> Your task
Take the entries below and print, exactly, the stretch from the line containing "k' \<Longrightarrow> \<phi>" through the line containing "using RR by", both included.

[[ Input, beginning ]]

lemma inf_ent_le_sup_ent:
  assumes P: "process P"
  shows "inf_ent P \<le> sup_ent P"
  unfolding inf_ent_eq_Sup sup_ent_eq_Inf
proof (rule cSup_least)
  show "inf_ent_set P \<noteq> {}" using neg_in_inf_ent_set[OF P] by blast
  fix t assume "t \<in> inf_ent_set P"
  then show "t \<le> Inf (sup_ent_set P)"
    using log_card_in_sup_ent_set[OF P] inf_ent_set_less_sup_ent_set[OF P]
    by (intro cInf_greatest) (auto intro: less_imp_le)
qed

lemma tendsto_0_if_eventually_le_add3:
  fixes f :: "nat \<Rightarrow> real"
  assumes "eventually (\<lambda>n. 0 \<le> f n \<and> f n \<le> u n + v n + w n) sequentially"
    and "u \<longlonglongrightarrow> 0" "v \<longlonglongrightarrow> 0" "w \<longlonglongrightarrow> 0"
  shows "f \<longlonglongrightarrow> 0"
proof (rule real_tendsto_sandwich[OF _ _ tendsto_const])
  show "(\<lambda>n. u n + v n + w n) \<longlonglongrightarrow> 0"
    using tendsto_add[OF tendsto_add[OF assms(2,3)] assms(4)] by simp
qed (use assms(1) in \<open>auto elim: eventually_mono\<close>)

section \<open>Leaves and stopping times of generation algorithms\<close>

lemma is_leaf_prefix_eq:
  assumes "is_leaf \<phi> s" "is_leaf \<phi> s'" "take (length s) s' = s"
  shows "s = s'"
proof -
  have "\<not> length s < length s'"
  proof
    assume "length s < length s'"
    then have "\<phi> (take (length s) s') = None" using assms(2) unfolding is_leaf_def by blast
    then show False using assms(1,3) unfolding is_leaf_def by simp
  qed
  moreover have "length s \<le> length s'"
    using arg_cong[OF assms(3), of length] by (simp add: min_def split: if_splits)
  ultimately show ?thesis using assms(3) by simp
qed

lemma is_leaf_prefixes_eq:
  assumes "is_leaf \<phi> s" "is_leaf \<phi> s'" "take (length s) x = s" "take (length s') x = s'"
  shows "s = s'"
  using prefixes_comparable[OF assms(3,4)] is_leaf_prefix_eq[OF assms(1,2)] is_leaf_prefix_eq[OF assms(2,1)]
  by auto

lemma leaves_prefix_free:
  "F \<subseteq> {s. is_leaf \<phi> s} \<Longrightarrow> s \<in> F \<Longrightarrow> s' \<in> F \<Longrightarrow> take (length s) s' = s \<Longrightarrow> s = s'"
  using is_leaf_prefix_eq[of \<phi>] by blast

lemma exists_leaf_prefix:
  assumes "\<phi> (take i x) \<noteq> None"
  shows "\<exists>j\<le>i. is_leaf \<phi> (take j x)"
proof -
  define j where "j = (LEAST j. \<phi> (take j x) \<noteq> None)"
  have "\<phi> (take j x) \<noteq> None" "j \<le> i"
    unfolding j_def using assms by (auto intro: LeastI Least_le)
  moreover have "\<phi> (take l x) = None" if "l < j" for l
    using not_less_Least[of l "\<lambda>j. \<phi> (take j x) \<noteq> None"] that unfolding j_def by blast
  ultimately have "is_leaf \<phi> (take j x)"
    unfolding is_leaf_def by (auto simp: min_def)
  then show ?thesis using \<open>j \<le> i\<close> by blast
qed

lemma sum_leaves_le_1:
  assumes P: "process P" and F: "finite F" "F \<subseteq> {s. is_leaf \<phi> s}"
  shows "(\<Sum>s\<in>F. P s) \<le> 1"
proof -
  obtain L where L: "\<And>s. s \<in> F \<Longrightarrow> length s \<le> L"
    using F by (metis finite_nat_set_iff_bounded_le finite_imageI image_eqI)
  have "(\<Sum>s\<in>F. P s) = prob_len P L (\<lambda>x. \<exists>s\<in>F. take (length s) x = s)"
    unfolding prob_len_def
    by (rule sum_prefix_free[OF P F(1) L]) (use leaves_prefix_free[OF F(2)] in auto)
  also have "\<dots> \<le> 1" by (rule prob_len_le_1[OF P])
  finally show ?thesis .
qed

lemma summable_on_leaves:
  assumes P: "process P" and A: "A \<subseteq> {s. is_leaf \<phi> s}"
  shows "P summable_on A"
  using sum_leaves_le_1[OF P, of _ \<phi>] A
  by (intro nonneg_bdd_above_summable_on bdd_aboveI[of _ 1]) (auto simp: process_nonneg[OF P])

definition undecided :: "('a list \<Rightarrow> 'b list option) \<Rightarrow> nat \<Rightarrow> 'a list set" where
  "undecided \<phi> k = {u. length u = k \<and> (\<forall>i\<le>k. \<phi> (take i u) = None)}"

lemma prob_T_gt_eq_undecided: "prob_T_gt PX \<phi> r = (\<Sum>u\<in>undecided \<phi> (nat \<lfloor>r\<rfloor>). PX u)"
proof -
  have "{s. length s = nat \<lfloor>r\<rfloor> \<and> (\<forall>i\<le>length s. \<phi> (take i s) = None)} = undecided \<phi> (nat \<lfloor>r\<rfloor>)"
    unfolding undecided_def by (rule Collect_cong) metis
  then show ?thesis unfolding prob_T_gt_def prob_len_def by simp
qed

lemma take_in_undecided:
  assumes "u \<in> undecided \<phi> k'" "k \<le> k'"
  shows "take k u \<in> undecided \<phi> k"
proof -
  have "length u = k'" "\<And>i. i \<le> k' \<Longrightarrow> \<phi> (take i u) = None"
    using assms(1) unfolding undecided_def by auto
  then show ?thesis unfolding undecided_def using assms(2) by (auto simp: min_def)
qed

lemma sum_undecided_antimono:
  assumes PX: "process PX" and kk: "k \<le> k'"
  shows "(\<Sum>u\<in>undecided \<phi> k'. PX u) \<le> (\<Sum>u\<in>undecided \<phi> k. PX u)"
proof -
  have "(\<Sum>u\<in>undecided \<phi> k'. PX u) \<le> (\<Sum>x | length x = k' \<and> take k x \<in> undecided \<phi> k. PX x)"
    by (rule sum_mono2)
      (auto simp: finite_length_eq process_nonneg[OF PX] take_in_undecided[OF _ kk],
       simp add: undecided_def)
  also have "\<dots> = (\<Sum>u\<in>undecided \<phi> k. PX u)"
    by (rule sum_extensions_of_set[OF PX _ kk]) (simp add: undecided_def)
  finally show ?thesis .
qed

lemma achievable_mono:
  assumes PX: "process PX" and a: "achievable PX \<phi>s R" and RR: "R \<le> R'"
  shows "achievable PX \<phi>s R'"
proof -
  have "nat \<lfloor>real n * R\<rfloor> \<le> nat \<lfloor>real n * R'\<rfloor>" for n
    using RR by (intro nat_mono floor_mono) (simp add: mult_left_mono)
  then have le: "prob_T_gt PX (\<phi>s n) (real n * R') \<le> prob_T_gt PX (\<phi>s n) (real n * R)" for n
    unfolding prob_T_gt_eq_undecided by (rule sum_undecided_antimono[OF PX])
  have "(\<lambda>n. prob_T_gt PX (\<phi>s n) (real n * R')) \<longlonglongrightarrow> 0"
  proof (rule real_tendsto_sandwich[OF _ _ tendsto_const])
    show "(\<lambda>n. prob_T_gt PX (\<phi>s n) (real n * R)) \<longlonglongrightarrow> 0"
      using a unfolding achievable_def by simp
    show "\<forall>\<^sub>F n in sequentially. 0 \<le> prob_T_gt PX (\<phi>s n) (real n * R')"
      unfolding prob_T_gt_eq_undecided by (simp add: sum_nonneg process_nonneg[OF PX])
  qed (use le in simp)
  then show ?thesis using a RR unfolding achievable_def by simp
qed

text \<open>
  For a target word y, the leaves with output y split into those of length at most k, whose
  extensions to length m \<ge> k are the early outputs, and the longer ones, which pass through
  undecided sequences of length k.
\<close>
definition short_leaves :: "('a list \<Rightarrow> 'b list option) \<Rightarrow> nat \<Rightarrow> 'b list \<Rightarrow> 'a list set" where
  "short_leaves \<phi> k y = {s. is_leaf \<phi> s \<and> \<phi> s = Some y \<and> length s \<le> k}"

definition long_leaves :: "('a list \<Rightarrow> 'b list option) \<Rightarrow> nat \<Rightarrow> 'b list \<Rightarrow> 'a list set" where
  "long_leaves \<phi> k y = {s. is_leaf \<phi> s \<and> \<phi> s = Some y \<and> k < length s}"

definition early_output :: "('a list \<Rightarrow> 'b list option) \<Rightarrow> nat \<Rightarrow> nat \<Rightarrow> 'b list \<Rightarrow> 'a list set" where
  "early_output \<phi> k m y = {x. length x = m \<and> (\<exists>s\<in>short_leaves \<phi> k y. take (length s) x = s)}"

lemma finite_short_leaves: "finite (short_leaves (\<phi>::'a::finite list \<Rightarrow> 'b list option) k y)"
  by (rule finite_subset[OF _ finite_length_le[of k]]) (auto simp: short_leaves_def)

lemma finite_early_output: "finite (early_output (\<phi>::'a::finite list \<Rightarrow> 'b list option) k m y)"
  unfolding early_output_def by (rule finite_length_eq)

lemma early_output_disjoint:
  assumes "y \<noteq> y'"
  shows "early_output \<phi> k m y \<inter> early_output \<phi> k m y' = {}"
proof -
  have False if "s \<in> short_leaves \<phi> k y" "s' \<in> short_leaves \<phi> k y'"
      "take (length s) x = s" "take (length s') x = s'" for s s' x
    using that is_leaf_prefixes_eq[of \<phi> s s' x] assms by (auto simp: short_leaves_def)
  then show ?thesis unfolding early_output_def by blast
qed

[[ Input, end ]]

> Task response
  have "length u = k'" "\<And>i. i \<le> k' \<Longrightarrow> \<phi> (take i u) = None"
    using assms(1) unfolding undecided_def by auto
  then show ?thesis unfolding undecided_def using assms(2) by (auto simp: min_def)
qed

lemma sum_undecided_antimono:
  assumes PX: "process PX" and kk: "k \<le> k'"
  shows "(\<Sum>u\<in>undecided \<phi> k'. PX u) \<le> (\<Sum>u\<in>undecided \<phi> k. PX u)"
proof -
  have "(\<Sum>u\<in>undecided \<phi> k'. PX u) \<le> (\<Sum>x | length x = k' \<and> take k x \<in> undecided \<phi> k. PX x)"
    by (rule sum_mono2)
      (auto simp: finite_length_eq process_nonneg[OF PX] take_in_undecided[OF _ kk],
       simp add: undecided_def)
  also have "\<dots> = (\<Sum>u\<in>undecided \<phi> k. PX u)"
    by (rule sum_extensions_of_set[OF PX _ kk]) (simp add: undecided_def)
  finally show ?thesis .
qed

lemma achievable_mono:
  assumes PX: "process PX" and a: "achievable PX \<phi>s R" and RR: "R \<le> R'"
  shows "achievable PX \<phi>s R'"
proof -
  have "nat \<lfloor>real n * R\<rfloor> \<le> nat \<lfloor>real n * R'\<rfloor>" for n
    using RR by (intro nat_mono floor_mono) (simp add: mult_left_mono)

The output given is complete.